The feds say the consultant recruited and installed Beren as a committee person for the Democratic Party in South Philadelphia’s 39th Ward in approximately 1984. Four years later, that same consultant recruited Beren to serve as a judge of elections for the 39th Ward’s second division, the judge of elections essentially being the person in charge of a polling place during the primary and general elections. In this case, that polling place was located at the Seafarer’s Union Hall at 4th and Shunk streets. Two other divisions — the 11th and the 16th — vote at that same location. As the feds put it, Beren was the “de facto judge of elections” for all three divisions.

In 2015, Beren stepped down as the judge of elections to become a poll watcher. She “installed” her replacement, prosecutors say. And according to the federal government, Beren “continued to effectively run all three divisions located at the Seafarer’s Union Hall from 2015 through at least 2019” even though she was no longer officially in charge.

And 2015 is when the alleged conspiracy begins.

The government claims that the consultant in question directed Beren to add fraudulent votes to candidates supported by the consultant. In some cases, the candidates were clients of the consultant. Prosecutors say that these fraudulent votes were cast for candidates at every level of government, from municipal to state to federal.
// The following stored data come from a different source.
(* Let $Q$ be a TC-query with timing sequence $\{\epsilon_1,\dots,\epsilon_k\}$ and expansion list $L=\{L^1,\dots,L^k\}$, where $L^j$ stores $\Omega(Preq(\epsilon_j))$ in the current snapshot. Suppose an incoming edge $\sigma$ (which has the largest timestamp in the current window) matches query edge $\epsilon_i$. Then, among the items of $L$, only the partial matches of $L^i$ (i.e., of $Preq(\epsilon_i)$) need to be updated due to $\sigma$ playing the role of $\epsilon_i$. Moreover: (1) if $i=1$, $\sigma$ is inserted into $L^1$ as a new match of $Preq(\epsilon_1)=\{\epsilon_1\}$; (2) if $i\neq 1$ and $\Omega(L^{i-1})\bowtie\{\sigma\}\neq\emptyset$, then $\Omega(L^{i-1})\bowtie\{\sigma\}$ is inserted into $L^i$ as the new matches of $Preq(\epsilon_i)$, where $\Omega(L^{i-1})$ is the set of partial matches stored in $L^{i-1}$.
   Context: Streaming graph: a growing sequence of labelled directed edges $\sigma_1,\sigma_2,\dots$ with strictly increasing timestamps; with a window of duration $|W|$, the snapshot at time $t$ contains the edges with timestamps in $(t-|W|,t]$. A query $Q=(V(Q),E(Q),L,\prec)$ has a vertex labelling and a strict partial order $\prec$ (timing order) on its directed edges. A time-constrained match of a (sub)query is a subgraph $g$ of the snapshot with a label-preserving bijection $F$ from query vertices to $V(g)$ such that $\overrightarrow{uv}$ is a query edge iff $\overrightarrow{F(u)F(v)}\in E(g)$, and $\epsilon\prec\epsilon'$ implies the data edge matched to $\epsilon$ has smaller timestamp than that matched to $\epsilon'$. $\Omega(Q')$ denotes the set of matches of subquery $Q'$ in the current snapshot. For subqueries $Q^1,Q^2$ with matches $g_1,g_2$ via $F_1,F_2$, $g_1$ and $g_2$ are compatible if $g_1\cup g_2$ is a time-constrained match of $Q^1\cup Q^2$ via the bijection $F_1\cup F_2$; $\Omega(Q^1)\bowtie\Omega(Q^2)=\{g_1\cup g_2: g_1\in\Omega(Q^1),g_2\in\Omega(Q^2), g_1,g_2 \text{ compatible}\}$ (here $\{\sigma\}$ is regarded as a match of the single-edge subquery $\{\epsilon_i\}$). For $\epsilon\in E(Q)$, $Preq(\epsilon)$ is the subquery induced by $\{\epsilon':\epsilon'\prec\epsilon\}\cup\{\epsilon\}$. A prefix-connected sequence of $Q$ is an ordering $\epsilon_1,\dots,\epsilon_k$ of all edges of $Q$ such that for each $j$ the subquery induced by $\epsilon_1,\dots,\epsilon_j$ is weakly connected. $Q$ is a TC-query (timing-connected query) if it has a prefix-connected sequence with $\epsilon_j\prec\epsilon_{j+1}$ for all $j\in[1,k-1]$; this sequence is its timing sequence. The expansion list of a TC-query is $L=\{L^1,\dots,L^k\}$, where item $L^i$ corresponds to the subquery $\{\epsilon_1,\dots,\epsilon_i\}$ (which equals $Preq(\epsilon_i)$) and records the set $\Omega(L^i)$ of its time-constrained matches in the current snapshot. *)

theory Defs
  imports Complex_Main
begin
(* Let $a,b,c$ be independent Uniform$[0,1]$ random variables and, writing $x \bmod 1 := x-\lfloor x\rfloor$, define $u=(a+b+c)\bmod 1$, $v=(a/2+b/2+c)\bmod 1$, $w=(4a/3+2b/3+c)\bmod 1$, $z=(2a/3+b/3+c)\bmod 1$. Let $Y=(a,b)$ and $X=(u,v,w,z)$. Then each of $u$, $v$, $w$, $z$ is (individually) independent of $Y$, whereas $Y$ is almost surely equal to a measurable function of $X$. *)

theory Defs
  imports "HOL-Probability.Probability"
begin

text \<open>x mod 1 is the library's frac x = x - of_int (floor x).\<close>

end

theory Submission
  imports Defs
begin

text \<open>
  The pair \<open>Y = (a, b)\<close> and \<open>c\<close> are independent, and adding an independent uniform
  variable modulo 1 to any function of \<open>Y\<close> yields a variable that is again uniform and
  independent of \<open>Y\<close>, because Lebesgue measure on \<open>[0,1)\<close> is invariant under rotations
  \<open>t \<mapsto> frac (s + t)\<close>. Hence each of \<open>u, v, w, z\<close> is independent of \<open>Y\<close>. Jointly,
  however, \<open>c\<close> cancels in differences: almost surely \<open>frac (u - v) = (a + b) / 2\<close> and
  \<open>frac (w - z) = (2a + b) / 3\<close>, a nonsingular linear system for \<open>(a, b)\<close>.
\<close>

lemma borel_measurable_frac [measurable]: "frac \<in> borel_measurable (borel :: real measure)"
  unfolding frac_def by measurable

lemma frac_frac_diff: "frac (frac x - frac y) = frac (x - y)"
  by (metis frac_diff_simp add_uminus_conv_diff frac_add_simps(1))
theorem corollary4p5:
  fixes \<mu> :: "(real^'n^'n) measure" and i j k l :: 'n and \<alpha> \<beta> :: nat
  assumes "CARD('n) \<ge> 2"
    and "haar_orthogonal \<mu>"
    and "i \<noteq> k" and "j \<noteq> l"
  shows "(even \<alpha> \<and> even \<beta> \<longrightarrow>
            (\<integral>M. (M $ i $ j) ^ \<alpha> * (M $ k $ l) ^ \<beta> \<partial>\<mu>) =
              fact (CARD('n) - 2) * dfact \<alpha> * dfact \<beta> * dfact (\<alpha> + \<beta> + CARD('n) - 2)
              / (dfact (\<alpha> + CARD('n) - 2) * dfact (\<beta> + CARD('n) - 2)
                 * dfact (\<alpha> + \<beta> + CARD('n) - 1)))
       \<and> (odd \<alpha> \<or> odd \<beta> \<longrightarrow>
            (\<integral>M. (M $ i $ j) ^ \<alpha> * (M $ k $ l) ^ \<beta> \<partial>\<mu>) = 0)"
proof (intro conjI impI)
  obtain m where n: "CARD('n) = m + 2"
    using assms(1) by (metis le_add_diff_inverse2)
  assume "even \<alpha> \<and> even \<beta>"
  then obtain p q where \<alpha>: "\<alpha> = 2*p" and \<beta>: "\<beta> = 2*q" by (auto elim!: evenE)
  have "(\<integral>M. (M $ i $ j) ^ \<alpha> * (M $ k $ l) ^ \<beta> \<partial>\<mu>) = moment_formula m (2*p) (2*0) (2*q)"
    using joint_moment_even[OF assms(2,4,3) n, of p 0 q] by (simp add: \<alpha> \<beta>)
  then show "(\<integral>M. (M $ i $ j) ^ \<alpha> * (M $ k $ l) ^ \<beta> \<partial>\<mu>) =
              fact (CARD('n) - 2) * dfact \<alpha> * dfact \<beta> * dfact (\<alpha> + \<beta> + CARD('n) - 2)
              / (dfact (\<alpha> + CARD('n) - 2) * dfact (\<beta> + CARD('n) - 2)
                 * dfact (\<alpha> + \<beta> + CARD('n) - 1))"
    by (simp add: moment_formula_def dfact_0 n \<alpha> \<beta> add_ac mult_ac)
next
  assume "odd \<alpha> \<or> odd \<beta>"
  then obtain r where "\<And>M. (row_reflection r ** M) $ i $ j ^ \<alpha> * (row_reflection r ** M) $ k $ l ^ \<beta>
                           = - ((M $ i $ j) ^ \<alpha> * (M $ k $ l) ^ \<beta>)"
  proof
    assume "odd \<alpha>"
    then show thesis using assms(3) by (intro that[of i]) (simp add: row_reflection_mult)
  next
    assume "odd \<beta>"
    then show thesis using assms(3) by (intro that[of k]) (simp add: row_reflection_mult)
  qed
  then show "(\<integral>M. (M $ i $ j) ^ \<alpha> * (M $ k $ l) ^ \<beta> \<partial>\<mu>) = 0"
    by (intro haar_integral_odd_zero[OF assms(2)] continuous_intros)
qed

end
(* With $\mathcal Y=\min\{a_2\mathfrak g_{sr},\mathfrak g_{rd}\}$, $\bar C_{s_2,\mathrm{MRC}}(\rho)=\tfrac12\mathbb E[\log_2(1+\rho\mathcal Y)]$ and $\Xi=\frac{m_{sr}}{\Omega_{sr}a_2}+\frac{m_{rd}}{\Omega_{rd}}$, \begin{align*} \lim_{\rho\to\infty}\Big[\bar C_{s_2,\mathrm{MRC}}(\rho)-\tfrac12\log_2\rho\Big]=\frac{1}{2\ln2}\sum_{\mu=0}^{m_{sr}N_r-1}\sum_{\nu=0}^{m_{rd}N_d-1}&\frac{m_{sr}^{\mu}m_{rd}^{\nu}}{a_2^{\mu}\Omega_{sr}^{\mu}\Omega_{rd}^{\nu}\mu!\,\nu!\,\Xi^{\mu+\nu}}\\ &\times\Big[\Gamma(\mu+\nu+1)\{\psi(\mu+\nu+1)-\ln\Xi\}-(\mu+\nu)\Gamma(\mu+\nu)\{\psi(\mu+\nu)-\ln\Xi\}\Big], \end{align*} where the second term in the bracket is taken to be $0$ when $\mu+\nu=0$. In particular, $\bar C_{s_1,\mathrm{MRC}}+\bar C_{s_2,\mathrm{MRC}}=\tfrac12\log_2\rho+O(1)$ as $\rho\to\infty$, where $\bar C_{s_1,\mathrm{MRC}}=\tfrac12\mathbb E[\log_2(1+\frac{a_1\rho\mathcal X}{a_2\rho\mathcal X+1})]$ with $\mathcal X=\min\{\mathfrak g_{sr},\mathfrak g_{sd}\}$.
   Context: Let $N_r,N_d$ be positive integers, $m_{sr},m_{sd},m_{rd}$ positive integers, and $\Omega_{sr},\Omega_{sd},\Omega_{rd}>0$. Let $\{G_{sr,i}\}_{i=1}^{N_r}$, $\{G_{sd,j}\}_{j=1}^{N_d}$, $\{G_{rd,k}\}_{k=1}^{N_d}$ be mutually independent random variables, where each $G_{sr,i}$ has the Gamma density $\frac{(m_{sr}/\Omega_{sr})^{m_{sr}}x^{m_{sr}-1}}{\Gamma(m_{sr})}e^{-m_{sr}x/\Omega_{sr}}$, $x>0$, and analogously $G_{sd,j}$ with $(m_{sd},\Omega_{sd})$ and $G_{rd,k}$ with $(m_{rd},\Omega_{rd})$. MRC gains: $\mathfrak g_{sr}=\sum_i G_{sr,i}$, $\mathfrak g_{sd}=\sum_j G_{sd,j}$, $\mathfrak g_{rd}=\sum_k G_{rd,k}$. Let $a_1,a_2\in(0,1)$, $a_1+a_2=1$, $a_1>a_2$. $\psi$ is the digamma function. *)

theory Defs
  imports "HOL-Probability.Probability" "HOL-Library.Landau_Symbols"
begin

text \<open>Gamma (Nakagami-m power) density with shape m and mean Omega, as in the paper.\<close>
definition gamma_pdf :: "nat \<Rightarrow> real \<Rightarrow> real \<Rightarrow> real" where
  "gamma_pdf m \<Omega> x = (if x > 0 then
     (real m / \<Omega>) ^ m * x ^ (m - 1) / Gamma (real m) * exp (- real m * x / \<Omega>) else 0)"

text \<open>Index set for the three families: Inl i = sr-link i, Inr (Inl j) = sd-link j,
  Inr (Inr k) = rd-link k.\<close>
definition link_idx :: "nat \<Rightarrow> nat \<Rightarrow> (nat + nat + nat) set" where
  "link_idx Nr Nd = Inl ` {1..Nr} \<union> Inr ` Inl ` {1..Nd} \<union> Inr ` Inr ` {1..Nd}"

definition all_links ::
  "(nat \<Rightarrow> 'a \<Rightarrow> real) \<Rightarrow> (nat \<Rightarrow> 'a \<Rightarrow> real) \<Rightarrow> (nat \<Rightarrow> 'a \<Rightarrow> real)
     \<Rightarrow> nat + nat + nat \<Rightarrow> 'a \<Rightarrow> real" where
  "all_links Gsr Gsd Grd = (\<lambda>t. case t of Inl i \<Rightarrow> Gsr i | Inr (Inl j) \<Rightarrow> Gsd j | Inr (Inr k) \<Rightarrow> Grd k)"

end

theory Submission
  imports Defs
begin

(* Sums of i.i.d. Gamma powers are Erlang, so Y = min (a2 gsr) grd is the minimum of two
   independent Erlang variables with rates alpha = msr / (Omega_sr a2) and beta = mrd / Omega_rd.
   The survival function of Y is a product of two Poisson tail sums, i.e. a finite sum of terms
   alpha^mu beta^nu y^(mu + nu) exp (-(alpha + beta) y) / (mu! nu!); differentiating it writes the
   density of Y as a finite combination of Gamma kernels, whose logarithmic moments are
   Gamma n (psi n - ln c) / c^n, the derivative of Gamma x / c^x at x = n. Since
   log2 (1 + rho Y) - log2 rho = log2 (1 / rho + Y) tends to log2 Y and is dominated by
   |ln Y| + Y, the high-SNR offset of C2 is E[ln Y] / ln 2. The rate C1 stays below
   (1/2) log2 (1 + a1 / a2) because the SINR a1 rho X / (a2 rho X + 1) never exceeds a1 / a2. *)

lemma abs_exp_minus_one_le: "\<bar>exp (a::real) - 1\<bar> \<le> \<bar>a\<bar> * exp (max a 0)"
proof (cases "a \<ge> 0")
  case True
  have "exp a * (1 - a) \<le> exp a * exp (- a)"
    using exp_ge_add_one_self[of "- a"] by (intro mult_left_mono) auto
  then show ?thesis
    using True by (simp add: exp_minus_inverse algebra_simps)
next
  case False
  then have "\<bar>exp a - 1\<bar> = 1 - exp a" "\<bar>a\<bar> * exp (max a 0) = - a"
    by (simp_all add: max_def)
  with exp_ge_add_one_self[of a] show ?thesis
    by linarith
qed

lemma abs_powr_difference_quotient_le:
  fixes t h :: real
  assumes t: "t > 0" and h: "0 < h" "h \<le> 1"
  shows "\<bar>(t powr h - 1) / h\<bar> \<le> \<bar>ln t\<bar> * (1 + t)"
proof -
  have "exp (max (h * ln t) 0) = max (t powr h) 1"
    using t by (simp add: powr_def max_def mult.commute)
  also have "\<dots> \<le> 1 + t"
    using t h powr_le1[of h t] powr_mono[of h 1 t] by (cases "t \<ge> 1") auto
  finally have "\<bar>h * ln t\<bar> * exp (max (h * ln t) 0) \<le> \<bar>h * ln t\<bar> * (1 + t)"
    by (rule mult_left_mono) simp
  with abs_exp_minus_one_le[of "h * ln t"]
  have "\<bar>exp (h * ln t) - 1\<bar> \<le> \<bar>h * ln t\<bar> * (1 + t)"
    by linarith
  then show ?thesis
    using t h by (simp add: powr_def mult.commute abs_mult divide_le_eq mult.left_commute)
qed

lemma abs_ln_le:
  fixes t :: real
  assumes t: "t > 0"
  shows "\<bar>ln t\<bar> \<le> 2 * t powr (-1/2) + t"
proof (cases "t \<ge> 1")
  case True
  then show ?thesis
    using ln_le_minus_one[OF t] ln_ge_zero[OF True] powr_ge_zero[of t "-1/2"] by linarith
next
  case False
  then have "\<bar>ln t\<bar> = 2 * ln (t powr (-1/2))"
    using t by (simp add: ln_powr)
  also have "ln (t powr (-1/2)) \<le> t powr (-1/2) - 1"
    using t by (intro ln_le_minus_one) simp
  finally show ?thesis
    using t by simp
qed

lemma powr_mult_abs_powr_difference_quotient_le:
  fixes t h x :: real
  assumes t: "t > 0" and h: "0 < h" "h \<le> 1"
  shows "t powr (x - 1) * \<bar>(t powr h - 1) / h\<bar>
           \<le> 2 * t powr (x - 3/2) + 2 * t powr (x - 1/2) + t powr x + t powr (x + 1)"
proof -
  have "\<bar>(t powr h - 1) / h\<bar> \<le> (2 * t powr (-1/2) + t) * (1 + t)"
    using abs_powr_difference_quotient_le[OF t h] abs_ln_le[OF t] t
    by (meson add_nonneg_nonneg less_imp_le mult_right_mono order_trans zero_le_one)
  then have "t powr (x - 1) * \<bar>(t powr h - 1) / h\<bar> \<le> t powr (x - 1) * ((2 * t powr (-1/2) + t) * (1 + t))"
    by (rule mult_left_mono) simp
  moreover have "t powr (x - 3/2) = t powr (x - 1) * t powr (-1/2)"
    "t powr (x - 1/2) = t * (t powr (x - 1) * t powr (-1/2))"
    "t powr x = t * t powr (x - 1)" "t powr (x + 1) = t * (t * t powr (x - 1))"
    using t by (simp_all add: powr_add[symmetric] powr_mult_base add.commute)
  ultimately show ?thesis
    by (simp add: algebra_simps)
qed

lemma difference_quotient_LIMSEQ:
  fixes f :: "real \<Rightarrow> real"
  assumes "(f has_field_derivative D) (at x)"
  shows "(\<lambda>k. (f (x + 1 / Suc k) - f x) / (1 / Suc k)) \<longlonglongrightarrow> D"
proof -
  have quotient: "((\<lambda>y. (f y - f x) / (y - x)) \<longlongrightarrow> D) (at x)"
    using assms by (simp add: has_field_derivative_iff)
  have "filterlim (\<lambda>k. x + 1 / real (Suc k)) (at x) sequentially"
    using tendsto_add[OF tendsto_const LIMSEQ_inverse_real_of_nat, of x]
    by (auto simp: filterlim_at inverse_eq_divide)
  from filterlim_compose[OF quotient this] show ?thesis
    by simp
qed
lemma ex_connected_zmod_cover:
  assumes "finite Q" and "\<not> cohomologous_trivial Q op \<theta>"
  obtains p c where "prime p"
    and "quandle_cover (Q \<times> {0..<int p}) (zmod_ext_op op p c) Q op fst"
    and "quandle_connected (Q \<times> {0..<int p}) (zmod_ext_op op p c)"
proof -
  have "add_span (case_prod \<eta> ` (Q \<times> Q)) \<noteq> {0}"
    using assms(2) cohomologous_trivial_if_fibre_trivial fibre_eq_add_span by auto
  then obtain p \<phi> where "prime p" and \<phi>: "hom_onto_zmod fibre p \<phi>"
    using finitely_generated_hom_onto_zmod[of "case_prod \<eta> ` (Q \<times> Q)"] \<open>finite Q\<close>
    by (auto simp: fibre_eq_add_span)
  then have "0 < p" by (simp add: prime_gt_0_nat)
  have \<phi>_add: "\<phi> (x + y) mod int p = (\<phi> x + \<phi> y) mod int p" if "x \<in> fibre" "y \<in> fibre" for x y
    using \<phi> that by (simp add: hom_onto_zmod_def)
  have "quandle_cover (Q \<times> {0..<int p}) (zmod_ext_op op p (\<lambda>x y. \<phi> (\<eta> x y))) Q op fst"
  proof (rule zmod_ext_cover[OF quandle \<open>0 < p\<close>])
    fix x y z assume "x \<in> Q" "y \<in> Q" "z \<in> Q"
    then show "(\<phi> (\<eta> (op x y) (op x z)) + \<phi> (\<eta> x z)) mod int p
        = (\<phi> (\<eta> x (op y z)) + \<phi> (\<eta> y z)) mod int p"
      using \<phi>_add \<eta>_cocycle \<eta>_in_fibre quandle_op_closed[OF quandle] by metis
  next
    fix x assume "x \<in> Q"
    then show "\<phi> (\<eta> x x) mod int p = 0"
      using hom_onto_zmod_zero[OF \<phi>] add_subgroup_zero[OF add_subgroup_fibre] by (simp add: \<eta>_diagonal)
  qed
  from that[OF \<open>prime p\<close> this zmod_ext_connected[OF \<phi> \<open>0 < p\<close>]] show ?thesis .
qed

end
lemma common_sample_step:
  assumes n: "1 \<le> n" and M: "2 * n < M" and \<Omega>: "0 < \<Omega>"
    and I: "\<forall>j\<in>{1..n}. y j \<in> I_int n \<Omega>" "\<forall>j\<in>{1..n}. yh j \<in> I_int n \<Omega>"
    and fit: "sup_dist a y n \<Omega> M Y < \<sigma>" "sup_dist ah yh n \<Omega> M Y < \<sigma>"
  obtains H where "\<Omega> \<le> H * (2 * real n - 1)"
    "\<forall>j\<in>{1..n}. \<forall>q\<in>{1..n}. H * \<bar>y j - yh q\<bar> \<le> pi \<and> H * \<bar>y j - y q\<bar> \<le> pi"
    "\<forall>r\<le>2*n-1. cmod (FT ah yh n (- \<Omega> + real r * H) - FT a y n (- \<Omega> + real r * H)) \<le> 2 * \<sigma>"
proof -
  have k: "real (2*n-1) = 2 * real n - 1" "1 \<le> 2*n-1" "2*n-1 < M" using n M by auto
  have "1 \<le> n" using n by simp
  then obtain H where H: "\<Omega> \<le> H * (2 * real n - 1)" "H * (2 * real n - 1) \<le> 2 * \<Omega>"
      and grid: "\<forall>r\<le>2*n-1. \<exists>q\<in>{1..M}. sample_pt \<Omega> M q = - \<Omega> + real r * H"
    using sample_pt_stride[OF k(2,3) \<Omega>] unfolding k(1) by blast
  have "0 < H * (2 * real n - 1)" using H(1) \<Omega> by linarith
  then have "0 \<le> H" using n by (simp add: zero_less_mult_iff)
  then have close: "\<forall>j\<in>{1..n}. \<forall>q\<in>{1..n}. H * \<bar>y j - yh q\<bar> \<le> pi \<and> H * \<bar>y j - y q\<bar> \<le> pi"
    using I_int_scaled_dist_le_pi[OF _ _ \<Omega> _ H(2)] I by blast
  have "\<forall>r\<le>2*n-1. cmod (FT ah yh n (- \<Omega> + real r * H) - FT a y n (- \<Omega> + real r * H)) \<le> 2 * \<sigma>"
  proof (intro allI impI)
    fix r assume "r \<le> 2*n-1"
    then obtain q where "q \<in> {1..M}" "sample_pt \<Omega> M q = - \<Omega> + real r * H" using grid by blast
    then show "cmod (FT ah yh n (- \<Omega> + real r * H) - FT a y n (- \<Omega> + real r * H)) \<le> 2 * \<sigma>"
      using FT_diff_le_sup_dist[of q M ah yh n \<Omega> a y Y] fit by simp
  qed
  with H(1) close show ?thesis by (rule that)
qed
When Election Day came around, the consultant would drive Beren to the polling place in the morning, giving her instructions along the way. According to the feds, Beren perpetuated voter fraud in a variety of ways. She would allegedly advise in-person voters how to vote, a violation of election law. She allegedly cast fraudulent votes herself in place of voters she knew wouldn’t be coming to the polls. (The government doesn’t make clear how she knew they wouldn’t show up.) The government also alleges that she would encourage and permit in-person voters to vote on behalf of absent family members, “steering” those voters in support of the consultant’s candidates of choice.

The complaint alleges that Beren and others falsified the voting book, writing down names of voters who never came to vote so that the numbers would match.

Prosecutors have not yet said how many illegal votes Beren and her cohorts cast or if those votes affected any election wins.

“These allegations are an encouraging sign that our partners in law enforcement continue to investigate and prosecute voter fraud at polling places, as they’d done in the past in conjunction with our office,” Philadelphia City Commissioner Al Schmidt said to Philadelphia Magazine when asked for a comment.